The use of injectable materials for filling or plumping up facial lines and wrinkles dates back to 1981 in the U.S. when collagen injections became available. From 1981 to 2003, for over twenty years, injectable collagen was the only available facial filler. While the injection process was easy, the popularity of collagen injections was limited as its effects were very short-lived usually lasting around 6 weeks or so. Because the collagen material was bovine-derived (from cows), a skin test was required prior to injection and a small percent of patients had allergic reactions, thus not being capable of treatment. Since 2003, a new synthetic material has become commercially available and collagen is now ‘a material of historic interest’ primarily. This new material is hyaluron or hyaluronic acid.

Hyaluron (HA) is produced today by fermentation in cultures of equine streptococci. The fermented material is then stabilized via epoxidic cross-links of the glycosaminoglycan chains. As a result of this processing method, the HA material does not cause immunologic sensitization and virtually no risk of allergic reactions. Hyaluronan is a polysaccharide that is an essential component of the extracellular matrices in which all human tissues differentiate. In certain tissues, such as the vitreous cavity of the eye and synovial joint fluid, it is the major constituent. Unlike collagen, it is identical across all animal species and microbes. The largest amount of hyaluronan resides in skin, where it is present in both dermis and epidermis. Hyaluronan’s high capacity for holding water and high viscoelasticity give it some unique properties that are useful in various medical and pharmaceutical applications. Because it retains moisture, hyaluronan is used in some cosmetics to keep skin young and fresh-looking. As we age, the water-holding capacity of our skin decreases as hyaluronan depolymerizes. Therefore, the retention or insertion of hyaluronan into the skin is theoretically helpful in wrinkle reduction.

HA can be rather rapidly degraded and is ultimately metabolized in the liver. Modern processing methods have produced more stable forms of HA that have much longer in vivo retention times. As degradation occurs over time, water is attracted to the material at the site of implantation. As the HA concentration decreases, more water bonds to it thus helping with cosmetic persistence. This feature is what probably accounts for its longer volume retention effects than bovine collagen. (isovolemic degradation)

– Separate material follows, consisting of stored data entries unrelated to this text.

(* Let $X$ be a positive random variable with finite mean $\mu$, which is either discrete with probability mass function $f_X$ or absolutely continuous with density $f_X$. Suppose there exist positive constants $c$ and $t_0$ such that $$\frac{x}{\mu}f_X(x)\le f_X(x-c)\qquad\text{for all } x\ge t_0.$$ Then, if $X^s$ has the size bias distribution of $X$, $$\mathbb{P}(X^s\ge t)\le \mathbb{P}(X+c\ge t)\qquad\text{for all } t\ge t_0.$$
   Context: Size bias transform: for a positive random variable $X$ with finite mean $\mu$, $X^s$ has the size bias distribution of $X$ if $\mathbb{E}[Xf(X)]=\mu\mathbb{E}[f(X^s)]$ for all $f$ with $\mathbb{E}[Xf(X)]<\infty$; when $X$ has density or mass function $f_X$, $X^s$ has density or mass function $x f_X(x)/\mu$. *)

theory Defs
  imports "HOL-Probability.Probability"
begin

definition size_bias ::
  "'a measure \<Rightarrow> ('a \<Rightarrow> real) \<Rightarrow> 'b measure \<Rightarrow> ('b \<Rightarrow> real) \<Rightarrow> bool" where
  "size_bias M X N Xs \<longleftrightarrow>
     (\<forall>f :: real \<Rightarrow> real. f \<in> borel_measurable borel \<longrightarrow>
        integrable M (\<lambda>\<omega>. X \<omega> * f (X \<omega>)) \<longrightarrow>
        (\<integral>\<omega>. X \<omega> * f (X \<omega>) \<partial>M) = (\<integral>\<omega>. X \<omega> \<partial>M) * (\<integral>\<omega>. f (Xs \<omega>) \<partial>N))"

definition discrete_with_pmf :: "'a measure \<Rightarrow> ('a \<Rightarrow> real) \<Rightarrow> (real \<Rightarrow> real) \<Rightarrow> bool" where
  "discrete_with_pmf M X f \<longleftrightarrow>
     (\<exists>S. countable S \<and> (AE \<omega> in M. X \<omega> \<in> S)) \<and>
     (\<forall>x. f x = measure M {\<omega> \<in> space M. X \<omega> = x})"

definition abs_cont_with_density :: "'a measure \<Rightarrow> ('a \<Rightarrow> real) \<Rightarrow> (real \<Rightarrow> real) \<Rightarrow> bool" where
  "abs_cont_with_density M X f \<longleftrightarrow>
     (\<forall>x. 0 \<le> f x) \<and> distributed M lborel X (\<lambda>x. ennreal (f x))"

end

theory Submission
  imports Defs
begin

text \<open>Taking the indicator of \<open>[t, \<infinity>)\<close> as test function in the size bias identity gives
  \<open>\<mu> P(Xs \<ge> t) = E[X; X \<ge> t]\<close>, the integral of \<open>x f(x)\<close> over \<open>x \<ge> t\<close>. The hypothesis bounds
  it by \<open>\<mu>\<close> times the integral of \<open>f(x - c)\<close> over \<open>x \<ge> t\<close>, which is \<open>\<mu> P(X \<ge> t - c)\<close>: by
  translation invariance of Lebesgue measure in the continuous case, and because the events
  \<open>X = x - c\<close> are disjoint in the discrete case.\<close>

lemma integral_pos_AE:
  fixes f :: "'a \<Rightarrow> real"
  assumes "prob_space M" and "integrable M f" and pos: "AE x in M. 0 < f x"
  shows "0 < (\<integral>x. f x \<partial>M)"
proof -
  have nonneg: "AE x in M. 0 \<le> f x"
    using pos by eventually_elim simp
  have "(\<integral>x. f x \<partial>M) \<noteq> 0"
  proof
    assume "(\<integral>x. f x \<partial>M) = 0"
    then have "AE x in M. f x = 0"
      using integral_nonneg_eq_0_iff_AE[OF \<open>integrable M f\<close> nonneg] by simp
    with pos have "AE x in M. False"
      by eventually_elim simp
    then show False
      using prob_space.AE_False[OF \<open>prob_space M\<close>] by simp
  qed
  then show ?thesis
    using integral_nonneg_AE[OF nonneg] by simp
qed

lemma integrable_mult_indicator_tail:
  fixes X :: "'a \<Rightarrow> real"
  assumes "integrable M X"
  shows "integrable M (\<lambda>\<omega>. X \<omega> * indicator {t..} (X \<omega>))"
proof -
  have [measurable]: "X \<in> borel_measurable M"
    using assms by (rule borel_measurable_integrable)
  show ?thesis
    using assms by (rule Bochner_Integration.integrable_bound) (auto simp: indicator_def)
qed

lemma size_bias_integral_tail:
  assumes "size_bias M X N Xs" and "integrable M X"
  shows "(\<integral>\<omega>. X \<omega> * indicator {t..} (X \<omega>) \<partial>M)
           = (\<integral>\<omega>. X \<omega> \<partial>M) * measure N {\<omega> \<in> space N. t \<le> Xs \<omega>}"
proof -
  have "(\<integral>\<omega>. X \<omega> * indicator {t..} (X \<omega>) \<partial>M)
          = (\<integral>\<omega>. X \<omega> \<partial>M) * (\<integral>\<omega>. indicator {t..} (Xs \<omega>) \<partial>N)"
    using assms integrable_mult_indicator_tail[OF assms(2)] unfolding size_bias_def by auto
  also have "(\<integral>\<omega>. indicator {t..} (Xs \<omega>) \<partial>N) = (\<integral>\<omega>. indicator {\<omega> \<in> space N. t \<le> Xs \<omega>} \<omega> \<partial>N)"
    by (intro Bochner_Integration.integral_cong) (auto simp: indicator_def)
  also have "\<dots> = measure N {\<omega> \<in> space N. t \<le> Xs \<omega>}"
    by (simp add: Int_absorb2 subset_iff)
  finally show ?thesis .
qed

lemma nn_integral_tail_le_density:
  fixes X :: "'a \<Rightarrow> real" and f :: "real \<Rightarrow> real"
  assumes "abs_cont_with_density M X f" and "0 \<le> m" and "0 \<le> t"
    and ratio: "\<And>x. t \<le> x \<Longrightarrow> x * f x \<le> m * f (x - c)"
  shows "(\<integral>\<^sup>+\<omega>. ennreal (X \<omega> * indicator {t..} (X \<omega>)) \<partial>M)
           \<le> ennreal m * emeasure M {\<omega> \<in> space M. t \<le> X \<omega> + c}"
proof -
  have f_nonneg: "\<And>x. 0 \<le> f x" and D: "distributed M lborel X (\<lambda>x. ennreal (f x))"
    using assms(1) unfolding abs_cont_with_density_def by auto
  have f_meas: "(\<lambda>x. ennreal (f x)) \<in> borel_measurable borel"
    using distributed_borel_measurable[OF D] by simp
  have "(\<integral>\<^sup>+\<omega>. ennreal (X \<omega> * indicator {t..} (X \<omega>)) \<partial>M)
          = (\<integral>\<^sup>+x. ennreal (f x) * ennreal (x * indicator {t..} x) \<partial>lborel)"
    by (rule distributed_nn_integral[OF D, symmetric]) simp
  also have "\<dots> \<le> (\<integral>\<^sup>+x. ennreal m * (ennreal (f (x - c)) * indicator {t..} x) \<partial>lborel)"
  proof (rule nn_integral_mono)
    fix x
    show "ennreal (f x) * ennreal (x * indicator {t..} x)
            \<le> ennreal m * (ennreal (f (x - c)) * indicator {t..} x)"
    proof (cases "t \<le> x")
      case True
      then show ?thesis
        using ratio[OF True] \<open>0 \<le> t\<close> \<open>0 \<le> m\<close> f_nonneg
        by (simp add: ennreal_mult'[symmetric] ennreal_mult[symmetric] mult.commute)
    qed simp
  qed
  also have "\<dots> = ennreal m * (\<integral>\<^sup>+x. ennreal (f (x - c)) * indicator {t..} x \<partial>lborel)"
    using measurable_compose[OF _ f_meas, of "\<lambda>x. x - c" borel]
    by (intro nn_integral_cmult) auto
  also have "(\<integral>\<^sup>+x. ennreal (f (x - c)) * indicator {t..} x \<partial>lborel)
               = (\<integral>\<^sup>+y. ennreal (f y) * indicator {t - c..} y \<partial>lborel)"
  proof -
    have "(\<integral>\<^sup>+y. ennreal (f y) * indicator {t - c..} y \<partial>lborel)
            = ennreal \<bar>1\<bar> * (\<integral>\<^sup>+x. ennreal (f (- c + 1 * x)) * indicator {t - c..} (- c + 1 * x) \<partial>lborel)"
      using f_meas by (intro nn_integral_real_affine) auto
    also have "\<dots> = (\<integral>\<^sup>+x. ennreal (f (x - c)) * indicator {t..} x \<partial>lborel)"
      by (simp only: abs_one ennreal_1 mult_1 mult_1_left)
        (intro nn_integral_cong, auto simp: indicator_def)
    finally show ?thesis
      by simp
  qed
  also have "(\<integral>\<^sup>+y. ennreal (f y) * indicator {t - c..} y \<partial>lborel) = emeasure M (X -` {t - c..} \<inter> space M)"
    by (rule distributed_emeasure[OF D, symmetric]) simp
  also have "X -` {t - c..} \<inter> space M = {\<omega> \<in> space M. t \<le> X \<omega> + c}"
    by auto
  finally show ?thesis .
qed

lemma nn_integral_tail_le_pmf:
  fixes X :: "'a \<Rightarrow> real" and f :: "real \<Rightarrow> real"
  assumes "prob_space M" and [measurable]: "X \<in> borel_measurable M"
    and "discrete_with_pmf M X f" and "0 \<le> m" and "0 \<le> t"
    and ratio: "\<And>x. t \<le> x \<Longrightarrow> x * f x \<le> m * f (x - c)"
  shows "(\<integral>\<^sup>+\<omega>. ennreal (X \<omega> * indicator {t..} (X \<omega>)) \<partial>M)
           \<le> ennreal m * emeasure M {\<omega> \<in> space M. t \<le> X \<omega> + c}"
proof -
  interpret prob_space M by fact
  obtain S where "countable S" and X_in_S: "AE \<omega> in M. X \<omega> \<in> S"
    and f_eq: "\<And>x. f x = measure M {\<omega> \<in> space M. X \<omega> = x}"
    using assms(3) unfolding discrete_with_pmf_def by auto
  define E where "E x = {\<omega> \<in> space M. X \<omega> = x}" for x
  have [measurable]: "E x \<in> sets M" for x
    unfolding E_def by measurable
  define D where "D = {x \<in> S. t \<le> x}"
  have "countable D"
    unfolding D_def using \<open>countable S\<close> by auto
  have "(\<integral>\<^sup>+\<omega>. ennreal (X \<omega> * indicator {t..} (X \<omega>)) \<partial>M)
          = (\<integral>\<^sup>+\<omega>. (\<integral>\<^sup>+x. ennreal x * indicator (E x) \<omega> \<partial>count_space D) \<partial>M)"
  proof (rule nn_integral_cong_AE)
    show "AE \<omega> in M. ennreal (X \<omega> * indicator {t..} (X \<omega>))
                       = (\<integral>\<^sup>+x. ennreal x * indicator (E x) \<omega> \<partial>count_space D)"
      using X_in_S AE_space
    proof eventually_elim
      case (elim \<omega>)
      show ?case
      proof (cases "X \<omega> \<in> D")
        case True
        have "(\<integral>\<^sup>+x. ennreal x * indicator (E x) \<omega> \<partial>count_space D)
                = (\<integral>\<^sup>+x. ennreal x * indicator {X \<omega>} x \<partial>count_space D)"
          using elim by (intro nn_integral_cong) (auto simp: E_def indicator_def)
        also have "\<dots> = ennreal (X \<omega>)"
          using True by (simp add: nn_integral_indicator_singleton)
        finally show ?thesis
          using True by (auto simp: D_def indicator_def)
      next
        case False
        then have "\<And>x. x \<in> D \<Longrightarrow> ennreal x * indicator (E x) \<omega> = 0"
          by (auto simp: E_def indicator_def)
        then have "(\<integral>\<^sup>+x. ennreal x * indicator (E x) \<omega> \<partial>count_space D) = 0"
          by (simp add: nn_integral_0_iff_AE AE_count_space)
        then show ?thesis
          using False elim by (simp add: D_def indicator_def)
      qed
    qed
  qed
  also have "\<dots> = (\<integral>\<^sup>+x. (\<integral>\<^sup>+\<omega>. ennreal x * indicator (E x) \<omega> \<partial>M) \<partial>count_space D)"
    by (rule nn_integral_count_space_nn_integral[OF \<open>countable D\<close>]) simp
  also have "\<dots> = (\<integral>\<^sup>+x. ennreal (x * f x) \<partial>count_space D)"
  proof (rule nn_integral_cong)
    fix x assume "x \<in> space (count_space D)"
    then have "0 \<le> x"
      using \<open>0 \<le> t\<close> by (auto simp: D_def)
    then show "(\<integral>\<^sup>+\<omega>. ennreal x * indicator (E x) \<omega> \<partial>M) = ennreal (x * f x)"
      by (simp add: nn_integral_cmult_indicator emeasure_eq_measure f_eq E_def ennreal_mult)
  qed
  also have "\<dots> \<le> (\<integral>\<^sup>+x. ennreal m * emeasure M (E (x - c)) \<partial>count_space D)"
  proof (rule nn_integral_mono)
    fix x assume "x \<in> space (count_space D)"
    then have "x * f x \<le> m * f (x - c)"
      by (intro ratio) (auto simp: D_def)
    then show "ennreal (x * f x) \<le> ennreal m * emeasure M (E (x - c))"
      using \<open>0 \<le> m\<close> by (simp add: emeasure_eq_measure f_eq E_def ennreal_mult[symmetric])
  qed
  also have "\<dots> = ennreal m * (\<integral>\<^sup>+x. emeasure M (E (x - c)) \<partial>count_space D)"
    by (rule nn_integral_cmult) simp
  also have "(\<integral>\<^sup>+x. emeasure M (E (x - c)) \<partial>count_space D) = emeasure M (\<Union>x\<in>D. E (x - c))"
    by (rule emeasure_UN_countable[symmetric]) (auto simp: \<open>countable D\<close> disjoint_family_on_def E_def)
  also have "\<dots> \<le> emeasure M {\<omega> \<in> space M. t \<le> X \<omega> + c}"
    by (rule emeasure_mono) (auto simp: E_def D_def)
  finally show ?thesis
    by (simp add: mult_left_mono)
qed

lemma integral_tail_le_shifted_tail:
  fixes X :: "'a \<Rightarrow> real" and f :: "real \<Rightarrow> real"
  assumes "prob_space M" and "integrable M X"
    and "discrete_with_pmf M X f \<or> abs_cont_with_density M X f"
    and "0 \<le> m" and "0 \<le> t"
    and "\<And>x. t \<le> x \<Longrightarrow> x * f x \<le> m * f (x - c)"
  shows "(\<integral>\<omega>. X \<omega> * indicator {t..} (X \<omega>) \<partial>M) \<le> m * measure M {\<omega> \<in> space M. t \<le> X \<omega> + c}"
proof -
  interpret prob_space M by fact
  have X_meas: "X \<in> borel_measurable M"
    using \<open>integrable M X\<close> by (rule borel_measurable_integrable)
  have "integrable M (\<lambda>\<omega>. X \<omega> * indicator {t..} (X \<omega>))"
    using \<open>integrable M X\<close> by (rule integrable_mult_indicator_tail)
  moreover have "AE \<omega> in M. 0 \<le> X \<omega> * indicator {t..} (X \<omega>)"
    using \<open>0 \<le> t\<close> by (auto simp: indicator_def)
  ultimately have "ennreal (\<integral>\<omega>. X \<omega> * indicator {t..} (X \<omega>) \<partial>M)
                     = (\<integral>\<^sup>+\<omega>. ennreal (X \<omega> * indicator {t..} (X \<omega>)) \<partial>M)"
    by (rule nn_integral_eq_integral[symmetric])
  also have "\<dots> \<le> ennreal m * emeasure M {\<omega> \<in> space M. t \<le> X \<omega> + c}"
    using assms(3)
  proof
    assume "discrete_with_pmf M X f"
    then show ?thesis
      using nn_integral_tail_le_pmf[OF assms(1) X_meas _ assms(4-6)] by blast
  next
    assume "abs_cont_with_density M X f"
    then show ?thesis
      using nn_integral_tail_le_density[OF _ assms(4-6)] by blast
  qed
  also have "\<dots> = ennreal (m * measure M {\<omega> \<in> space M. t \<le> X \<omega> + c})"
    using \<open>0 \<le> m\<close> by (simp add: emeasure_eq_measure ennreal_mult)
  finally show ?thesis
    using \<open>0 \<le> m\<close> by (simp add: ennreal_le_iff)
qed

theorem theorem3p1:
  fixes M :: "'a measure" and N :: "'b measure"
    and X :: "'a \<Rightarrow> real" and Xs :: "'b \<Rightarrow> real"
    and fX :: "real \<Rightarrow> real" and c t0 :: real
  assumes "prob_space M" and "prob_space N"
    and "X \<in> borel_measurable M" and "Xs \<in> borel_measurable N"
    and "AE \<omega> in M. X \<omega> > 0"
    and "integrable M X"
    and "discrete_with_pmf M X fX \<or> abs_cont_with_density M X fX"
    and "c > 0" and "t0 > 0"
    and "\<And>x. x \<ge> t0 \<Longrightarrow> x / (\<integral>\<omega>. X \<omega> \<partial>M) * fX x \<le> fX (x - c)"
    and "size_bias M X N Xs"
  shows "\<forall>t \<ge> t0. measure N {\<omega> \<in> space N. Xs \<omega> \<ge> t}
                   \<le> measure M {\<omega> \<in> space M. X \<omega> + c \<ge> t}"
proof (intro allI impI)
  fix t assume "t0 \<le> t"
  define \<mu> where "\<mu> = (\<integral>\<omega>. X \<omega> \<partial>M)"
  have "0 < \<mu>"
    unfolding \<mu>_def using assms(1,6,5) by (rule integral_pos_AE)
  have ratio: "x * fX x \<le> \<mu> * fX (x - c)" if "t \<le> x" for x
    using assms(10)[of x] \<open>t0 \<le> t\<close> that \<open>0 < \<mu>\<close> unfolding \<mu>_def[symmetric]
    by (simp add: field_simps)
  have "\<mu> * measure N {\<omega> \<in> space N. t \<le> Xs \<omega>} = (\<integral>\<omega>. X \<omega> * indicator {t..} (X \<omega>) \<partial>M)"
    unfolding \<mu>_def using assms(11,6) by (rule size_bias_integral_tail[symmetric])
  also have "\<dots> \<le> \<mu> * measure M {\<omega> \<in> space M. t \<le> X \<omega> + c}"
    using assms(1,6,7) \<open>0 < \<mu>\<close> \<open>t0 \<le> t\<close> \<open>t0 > 0\<close> ratio
    by (intro integral_tail_le_shifted_tail) auto
  finally show "measure N {\<omega> \<in> space N. Xs \<omega> \<ge> t} \<le> measure M {\<omega> \<in> space M. X \<omega> + c \<ge> t}"
    using \<open>0 < \<mu>\<close> by simp
qed

end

A variety of differing grades of transparent gels are available, based on the same type gel from highly concentrated (20mg/ml)stabilized HA, which varies in particle size and subsequent indication. Restylane has a particulate size of 100,000 gel particles/ml, flows through a 27 gauge needle, and is indicated for mid-dermal applications such as deeper wrinkle reduction, as well as lip augmentation, nasolabial folds, and glabellar creases. Restylane has even been successfully used in the treatment of tear trough deformities.14 Restylane Fine Lines has the highest concentration at 200,000 gel particles/ml, can be injected through a 30 gauge needle, and is indicated for thin superficial wrinkles. The lowest concentration gel is Perlane at 8,000 gel particles/ml which is injected through a 27 gauge needle and is intended for shaping facial contours, correcting deep folds, and for lip augmentation.15 Restylane was FDA-approved in December 2003, Perlane received its approval in 2007. There are numerous manufacturers of HA injectable fillers which, in addition to Restylane, includes Juvaderm.
The universal HA composition makes the need for pre-injection skin testing unnecessary as the risk for hypersensitivity reactions is minimal. It is easily injected and flows nicely through small-gauge needles. While not permanent, its persistence is reported to exceed bovine collagen with estimates of between 4 and 6 months post-injection

Rare side effects, that I have not yet seen, include injection site inflammation at an incidence of 0.02% and local hypersensitivity reactions (swelling, erythema, and induration) at an incidence of 0.02% lasting a mean of 15 days.

As of today in 2008, HA injectable soft tissue fillers are the gold standard by which all future injectable filler materials will be compared.